What makes DMR stand out from some of the other digital modes is that it utilizes TDMA (Time-Division Multiple Access) to divide a single frequency into 2 distinct “channels” or time slots. By doing this, you can have two conversations going on at the SAME TIME, using one frequency.
Imagine using one frequency while radio A is talking to radio B on time slot 1, and radio C is talking to radio D on time slot 2 … SIMULTANEOUSLY. Pretty neat, huh?
Here is a nice graphic to help visualize and understand what is going on…
Although the graphic above relates to how a DMR repeater works, this same principal applies to using a simplex frequency as well.
To make matters a little more fun and complicated, each radio must have a unique Radio ID for digital identification between radios and you can also use Talkgroups to separate traffic and target specific groups of DMR users.

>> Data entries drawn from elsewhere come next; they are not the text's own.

section \<open>Environments with one good arm per block\<close>

text \<open>There is no arm \<open>0\<close>, so \<open>g m = 0\<close> means that block \<open>m\<close> has no good arm.\<close>
definition gap_mean :: "(nat \<Rightarrow> nat) \<Rightarrow> (nat \<Rightarrow> real) \<Rightarrow> (nat \<Rightarrow> nat) \<Rightarrow> nat \<Rightarrow> nat \<Rightarrow> real" where
  "gap_mean blk eps g t a = 1/2 + (if 0 < a \<and> a = g (blk t) then eps (blk t) else 0)"

definition gap_env :: "(nat \<Rightarrow> nat) \<Rightarrow> (nat \<Rightarrow> real) \<Rightarrow> (nat \<Rightarrow> nat) \<Rightarrow> env" where
  "gap_env blk eps g t a = bern_pmf (gap_mean blk eps g t a)"

definition block :: "nat \<Rightarrow> (nat \<Rightarrow> nat) \<Rightarrow> nat \<Rightarrow> nat set" where
  "block T blk m = {t \<in> {1..T}. blk t = m}"

lemma expectation_gap_mean:
  assumes "0 < g (blk t)"
  shows "measure_pmf.expectation p (gap_mean blk eps g t) = 1/2 + eps (blk t) * pmf p (g (blk t))"
proof -
  have "gap_mean blk eps g t = (\<lambda>a. 1/2 + eps (blk t) * indicator {g (blk t)} a)"
    using assms by (auto simp: gap_mean_def indicator_def fun_eq_iff)
  moreover have "integrable (measure_pmf p) (indicator {g (blk t)} :: _ \<Rightarrow> real)"
    by (rule integrable_real_indicator) (auto simp: measure_pmf.emeasure_finite less_top[symmetric])
  ultimately show ?thesis by (simp add: measure_pmf_single)
qed

locale block_instance =
  fixes K T :: nat and \<pi> :: policy and blk :: "nat \<Rightarrow> nat" and eps :: "nat \<Rightarrow> real"
  assumes K: "K \<ge> 2" and policy: "is_policy K \<pi>"
    and blk_mono: "\<And>t t'. 1 \<le> t \<Longrightarrow> t \<le> t' \<Longrightarrow> t' \<le> T \<Longrightarrow> blk t \<le> blk t'"
    and eps_pos: "\<And>m. 0 < eps m" and eps_le: "\<And>m. eps m \<le> 1/4"
    and block_small: "\<And>m. 16 * (eps m)\<^sup>2 * real (card (block T blk m)) \<le> real K"
begin

lemma set_gap_env: "set_pmf (gap_env blk eps g t a) = {0, 1}"
  unfolding gap_env_def gap_mean_def using eps_pos[of "blk t"] eps_le[of "blk t"]
  by (intro set_bern_pmf) auto

lemma mean_gap_env: "mean (gap_env blk eps g) t a = gap_mean blk eps g t a"
  unfolding mean_def gap_env_def using eps_pos[of "blk t"] eps_le[of "blk t"]
  by (intro expectation_bern_pmf) (auto simp: gap_mean_def)

lemma admissible_gap_env:
  assumes var: "(\<Sum>t=1..<T. if blk t \<noteq> blk (t+1) then eps (blk t) + eps (blk (t+1)) else 0) \<le> V"
  shows "admissible K T V (gap_env blk eps g)"
  unfolding admissible_def
proof (intro conjI ballI)
  show "set_pmf (gap_env blk eps g t k) \<subseteq> {0..1}" for t k
    by (simp add: set_gap_env)
  have "Max ((\<lambda>k. \<bar>mean (gap_env blk eps g) t k - mean (gap_env blk eps g) (t + 1) k\<bar>) ` {1..K})
      \<le> (if blk t \<noteq> blk (t+1) then eps (blk t) + eps (blk (t+1)) else 0)" for t
    using K eps_pos[of "blk t"] eps_pos[of "blk (t+1)"]
    by (subst Max_le_iff) (auto simp: mean_gap_env gap_mean_def)
  hence "(\<Sum>t=1..<T. Max ((\<lambda>k. \<bar>mean (gap_env blk eps g) t k - mean (gap_env blk eps g) (t + 1) k\<bar>) ` {1..K}))
     \<le> (\<Sum>t=1..<T. if blk t \<noteq> blk (t+1) then eps (blk t) + eps (blk (t+1)) else 0)"
    by (rule sum_mono)
  thus "(\<Sum>t=1..<T. Max ((\<lambda>k. \<bar>mean (gap_env blk eps g) t k - mean (gap_env blk eps g) (t + 1) k\<bar>) ` {1..K})) \<le> V"
    using var by linarith
qed

text \<open>The good arm of block \<open>m\<close> is chosen against the environment in which the blocks
  \<open>m, m + 1, \<dots>\<close> have no good arm. The policy cannot see the future, so the choices made for
  later blocks do not change its behaviour up to the end of block \<open>m\<close>.\<close>
definition rarely_pulled_arm :: "(nat \<Rightarrow> nat) \<Rightarrow> nat \<Rightarrow> nat" where
  "rarely_pulled_arm g m = (SOME k. k \<in> {1..K} \<and>
     (\<Sum>t\<in>block T blk m. pmf (action \<pi> (gap_env blk eps g) t) k) \<le> real (card (block T blk m)) / real K)"

fun good_arms :: "nat \<Rightarrow> nat \<Rightarrow> nat" where
  "good_arms 0 = (\<lambda>_. 0)"
| "good_arms (Suc m) = (good_arms m)(m := rarely_pulled_arm (good_arms m) m)"

definition good_arm :: "nat \<Rightarrow> nat" where
  "good_arm = good_arms (Suc (blk T))"

lemma good_arms_undecided: "m \<le> l \<Longrightarrow> good_arms m l = 0"
  by (induction m) auto

lemma good_arms_stable: "l < m \<Longrightarrow> m \<le> m' \<Longrightarrow> good_arms m' l = good_arms m l"
  by (induction m' rule: nat.induct) (auto simp: le_Suc_eq)

lemma rarely_pulled_arm_spec:
  "rarely_pulled_arm g m \<in> {1..K} \<and>
     (\<Sum>t\<in>block T blk m. pmf (action \<pi> (gap_env blk eps g) t) (rarely_pulled_arm g m))
        \<le> real (card (block T blk m)) / real K"
proof -
  let ?B = "block T blk m"
  let ?p = "\<lambda>t k. pmf (action \<pi> (gap_env blk eps g) t) k"
  have "\<exists>k. k \<in> {1..K} \<and> (\<Sum>t\<in>?B. ?p t k) \<le> real (card ?B) / real K"
  proof (rule ccontr)
    assume "\<not> ?thesis"
    hence "(\<Sum>k\<in>{1..K}. real (card ?B) / real K) < (\<Sum>k\<in>{1..K}. \<Sum>t\<in>?B. ?p t k)"
      using K by (intro sum_strict_mono) auto
    also have "\<dots> = (\<Sum>t\<in>?B. \<Sum>k\<in>{1..K}. ?p t k)"
      by (rule sum.swap)
    also have "\<dots> \<le> (\<Sum>t\<in>?B. 1)"
      by (intro sum_mono) (simp add: measure_measure_pmf_finite[symmetric])
    finally show False using K by simp
  qed
  thus ?thesis unfolding rarely_pulled_arm_def by (rule someI_ex)
qed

What Is The BrandMeister Network?
The BrandMeister Network was born from several worldwide hams and software engineers who joined together to create a digital repeater network consisting of master servers and peer repeaters all over the world. The network has over 1300 repeaters and more than 3000 hotspots across the globe and it’s growing every day!
BrandMeister is tailored to the Motorola TRBO technology and allows for DMR repeaters to connect worldwide via the internet and link systems together by utilizing organized Talkgroups.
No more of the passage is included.